Installing the monitoring connector​

Pack​

  1. If the platform uses an online license, you can skip the package installation instruction below as it is not required to have the connector displayed within the Configuration > Monitoring Connector Manager menu. If the platform uses an offline license, install the package on the central server with the command corresponding to the operating system's package manager:
dnf install centreon-pack-operatingsystems-linux-telegraf-agent
  1. Whatever the license type (online or offline), install the Linux Telegraf-Agent connector through the Configuration > Monitoring Connector Manager menu.

  2. Add the new connector.

In the Configuration > Commands > Connectors menu, click Add and fill the form as detailed below.

ParameterValue
Connector NameTelegraf Agent
Connector DescriptionTelegraf Agent
Command Lineopentelemetry --processor=nagios_telegraf --extractor=attributes --host_path=resourceMetrics.scopeMetrics.metrics.dataPoints.attributes.host --service_path=resourceMetrics.scopeMetrics.metrics.dataPoints.attributes.service
Used by commandSelect all the commands whose names match OS-Linux-Telegraf-Agent-*
Connector StatusEnabled

Plugin​

This monitoring connector relies on an integration supported by Centreon Engine and does not require any particular plugin on the pollers.

Using the monitoring connector​

Using a host template provided by the connector​

  1. Log into Centreon and add a new host through Configuration > Hosts.
  2. Fill in the Name, Alias & IP Address/DNS fields according to your resource's settings.
  3. Apply the OS-Linux-Telegraf-Agent-custom template to the host. A list of macros appears. Macros allow you to define how the connector will connect to the resource, and to customize the connector's behavior.
  4. Fill in the macros you want. Some macros are mandatory.
MacroDescriptionValeur par défautObligatoire
TELEGRAFPLUGINSPath where the Centreon Plugins can be found./usr/lib/centreon/pluginsX
TELEGRAFSTATEFILEDIRDefine the cache directory./var/lib/telegrafX
TELEGRAFEXTRAOPTIONSAny extra option you may want to add to every command (a --verbose flag for example). Toutes les options sont listées ici.
  1. Deploy the configuration. The host appears in the list of hosts, and on the Resources Status page. The command that is sent by the connector is displayed in the details panel of the host: it shows the values of the macros.

Using a service template provided by the connector​

  1. If you have used a host template and checked Create Services linked to the Template too, the services linked to the template have been created automatically, using the corresponding service templates.
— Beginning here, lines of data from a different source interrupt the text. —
(* Let $M$ be a von Neumann algebra and $\{b_j\}_{j\ge1}$ a sequence of positive elements of $M$ such that (i) $R_{b_i}R_{b_j}=0$ whenever $|i-j|>1$; (ii) each $b_j$ is a sum of $N_j$ projections in $M$; (iii) $N:=\sup_jN_j<\infty$. Then $b:=\sum_{j=1}^\infty b_j$ converges in the strong operator topology and $b$ is a sum of $2N$ projections in $M$.
   Context: $R_x$ denotes the range projection of $x$. *)

theory Defs
  imports Complex_Main
begin

text \<open>Complex Hilbert spaces (inner product linear in the second argument),
  developed from scratch since HOL-Analysis only has real inner product spaces.\<close>

class chilbert = ab_group_add +
  fixes cscale :: "complex \<Rightarrow> 'a \<Rightarrow> 'a"
    and cinner :: "'a \<Rightarrow> 'a \<Rightarrow> complex"
  assumes cscale_add_right: "cscale a (x + y) = cscale a x + cscale a y"
    and cscale_add_left: "cscale (a + b) x = cscale a x + cscale b x"
    and cscale_cscale: "cscale a (cscale b x) = cscale (a * b) x"
    and cscale_one: "cscale 1 x = x"
    and cinner_add_right: "cinner x (y + z) = cinner x y + cinner x z"
    and cinner_cscale_right: "cinner x (cscale a y) = a * cinner x y"
    and cinner_cnj: "cinner y x = cnj (cinner x y)"
    and cinner_nonneg: "0 \<le> Re (cinner x x)"
    and cinner_eq_zero: "cinner x x = 0 \<Longrightarrow> x = 0"
    and cinner_complete:
      "(\<forall>e>0. \<exists>K. \<forall>m\<ge>K. \<forall>n\<ge>K.
          sqrt (Re (cinner (f m - f n) (f m - f n))) < e)
       \<Longrightarrow> \<exists>l. (\<lambda>n. sqrt (Re (cinner (f n - l) (f n - l)))) \<longlonglongrightarrow> 0"

definition hnorm :: "'a::chilbert \<Rightarrow> real" where
  "hnorm x = sqrt (Re (cinner x x))"

definition hclosure :: "'a::chilbert set \<Rightarrow> 'a set" where
  "hclosure S = {x. \<forall>e>0. \<exists>y\<in>S. hnorm (x - y) < e}"

definition bounded_op :: "('a::chilbert \<Rightarrow> 'a) \<Rightarrow> bool" where
  "bounded_op T \<longleftrightarrow>
     (\<forall>x y. T (x + y) = T x + T y) \<and> (\<forall>a x. T (cscale a x) = cscale a (T x)) \<and>
     (\<exists>K. \<forall>x. hnorm (T x) \<le> K * hnorm x)"

definition is_adjoint :: "('a::chilbert \<Rightarrow> 'a) \<Rightarrow> ('a \<Rightarrow> 'a) \<Rightarrow> bool" where
  "is_adjoint T S \<longleftrightarrow> (\<forall>x y. cinner (T x) y = cinner x (S y))"

definition positive_op :: "('a::chilbert \<Rightarrow> 'a) \<Rightarrow> bool" where
  "positive_op T \<longleftrightarrow> bounded_op T \<and>
     (\<forall>x. Im (cinner x (T x)) = 0 \<and> 0 \<le> Re (cinner x (T x)))"

definition projection :: "('a::chilbert \<Rightarrow> 'a) \<Rightarrow> bool" where
  "projection P \<longleftrightarrow> bounded_op P \<and> P \<circ> P = P \<and> is_adjoint P P"

definition range_proj :: "('a::chilbert \<Rightarrow> 'a) \<Rightarrow> ('a \<Rightarrow> 'a)" where
  "range_proj T = (THE P. projection P \<and> range P = hclosure (range T))"

definition sot_closed :: "('a::chilbert \<Rightarrow> 'a) set \<Rightarrow> bool" where
  "sot_closed M \<longleftrightarrow> (\<forall>T. bounded_op T \<and>
      (\<forall>F e. finite F \<and> e > 0 \<longrightarrow> (\<exists>S\<in>M. \<forall>x\<in>F. hnorm (T x - S x) < e))
      \<longrightarrow> T \<in> M)"

definition von_neumann_algebra :: "('a::chilbert \<Rightarrow> 'a) set \<Rightarrow> bool" where
  "von_neumann_algebra M \<longleftrightarrow>
     (\<forall>T\<in>M. bounded_op T) \<and> id \<in> M \<and>
     (\<forall>S\<in>M. \<forall>T\<in>M. (\<lambda>x. S x + T x) \<in> M) \<and>
     (\<forall>a. \<forall>T\<in>M. (\<lambda>x. cscale a (T x)) \<in> M) \<and>
     (\<forall>S\<in>M. \<forall>T\<in>M. S \<circ> T \<in> M) \<and>
     (\<forall>T\<in>M. \<exists>S\<in>M. is_adjoint T S) \<and>
     sot_closed M"

definition sum_of_projections :: "('a::chilbert \<Rightarrow> 'a) set \<Rightarrow> nat \<Rightarrow> ('a \<Rightarrow> 'a) \<Rightarrow> bool" where
  "sum_of_projections M n b \<longleftrightarrow>
     (\<exists>P. (\<forall>k<n. P k \<in> M \<and> projection (P k)) \<and> b = (\<lambda>x. \<Sum>k<n. P k x))"

definition sot_sums :: "(nat \<Rightarrow> 'a::chilbert \<Rightarrow> 'a) \<Rightarrow> ('a \<Rightarrow> 'a) \<Rightarrow> bool" where
  "sot_sums b B \<longleftrightarrow> (\<forall>x. (\<lambda>n. hnorm ((\<Sum>j<n. b j x) - B x)) \<longlonglongrightarrow> 0)"

end

theory Submission
  imports Defs
begin

(* Write every b_j as a sum of exactly N projections P j k (padding with zeros).  Each P j k lies
   under the range projection R_(b j), because P j k <= b j as positive operators.  Hence for
   non-adjacent i, j the projections P i k and P j k are orthogonal.  Fix a parity p and an index
   k: the projections P j k with j of parity p are pairwise orthogonal, so their series converges
   strongly to a projection L p k, which lies in M because M is strongly closed.  Summing over
   the two parities and the N indices k shows that sum_j b_j converges strongly to
   sum_k (L 0 k + L 1 k), a sum of 2N projections of M. *)


lemma cinner_add_left: "cinner (x + y) z = cinner x z + cinner y (z::'a::chilbert)"
  by (subst (1 2 3) cinner_cnj) (simp add: cinner_add_right)

lemma cinner_cscale_left: "cinner (cscale a x) (y::'a::chilbert) = cnj a * cinner x y"
  by (subst (1 2) cinner_cnj) (simp add: cinner_cscale_right)

lemma cinner_zero_right [simp]: "cinner (x::'a::chilbert) 0 = 0"
  using cinner_add_right[of x 0 0] by simp

lemma cinner_zero_left [simp]: "cinner 0 (x::'a::chilbert) = 0"
  using cinner_add_left[of 0 0 x] by simp

lemma cinner_minus_right: "cinner (x::'a::chilbert) (- y) = - cinner x y"
  using cinner_add_right[of x y "-y"] by (simp add: eq_neg_iff_add_eq_0 add.commute)

lemma cinner_minus_left: "cinner (- x) (y::'a::chilbert) = - cinner x y"
  using cinner_add_left[of x "-x" y] by (simp add: eq_neg_iff_add_eq_0 add.commute)

lemma cinner_diff_right: "cinner (x::'a::chilbert) (y - z) = cinner x y - cinner x z"
  using cinner_add_right[of x y "-z"] by (simp add: cinner_minus_right)

lemma cinner_diff_left: "cinner (x - y) (z::'a::chilbert) = cinner x z - cinner y z"
  using cinner_add_left[of x "-y" z] by (simp add: cinner_minus_left)

lemma cinner_sum_right: "cinner (x::'a::chilbert) (sum f A) = (\<Sum>i\<in>A. cinner x (f i))"
  by (induct A rule: infinite_finite_induct) (simp_all add: cinner_add_right)

lemma cinner_sum_left: "cinner (sum f A) (x::'a::chilbert) = (\<Sum>i\<in>A. cinner (f i) x)"
  by (induct A rule: infinite_finite_induct) (simp_all add: cinner_add_left)

lemma cscale_zero_left [simp]: "cscale 0 (x::'a::chilbert) = 0"
  using cscale_add_left[of 0 0 x] by simp

lemma cscale_zero_right [simp]: "cscale a (0::'a::chilbert) = 0"
  using cscale_add_right[of a 0 0] by simp

lemma cscale_minus_right: "cscale a (- x::'a::chilbert) = - cscale a x"
  using cscale_add_right[of a x "-x"] by (simp add: eq_neg_iff_add_eq_0 add.commute)

lemma cscale_diff_right: "cscale a (x - y::'a::chilbert) = cscale a x - cscale a y"
  using cscale_add_right[of a x "-y"] by (simp add: cscale_minus_right)

lemma cscale_sum_right: "cscale a (sum f A::'a::chilbert) = (\<Sum>i\<in>A. cscale a (f i))"
  by (induct A rule: infinite_finite_induct) (simp_all add: cscale_add_right)

lemma cscale_two: "cscale 2 x = x + (x::'a::chilbert)"
  using cscale_add_left[of 1 1 x] by (simp add: cscale_one)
Otherwise, create manually the services you want and apply a service template to them.
  2. Fill in the macros you want (e.g. to change the thresholds for the alerts). Some macros are mandatory (see the table below).
MacroDescriptionDefault valueMandatory
COMMANDCommand to test (default: none). You can use 'sh' to use '&&' or '||'X
COMMANDOPTIONSCommand options (default: none)
THRESHOLDSSet action according command exit code. Example: %(code) == 0,OK,File xxx exist#%(code) == 1,CRITICAL,File xxx not exist#,UNKNOWN,Command problemX
EXTRAOPTIONSAny extra option you may want to add to the command (a --verbose flag for example). All options are listed here.
  1. Deploy the configuration. The service appears in the list of services, and on the Resources Status page. The command that is sent by the connector is displayed in the details panel of the service: it shows the values of the macros.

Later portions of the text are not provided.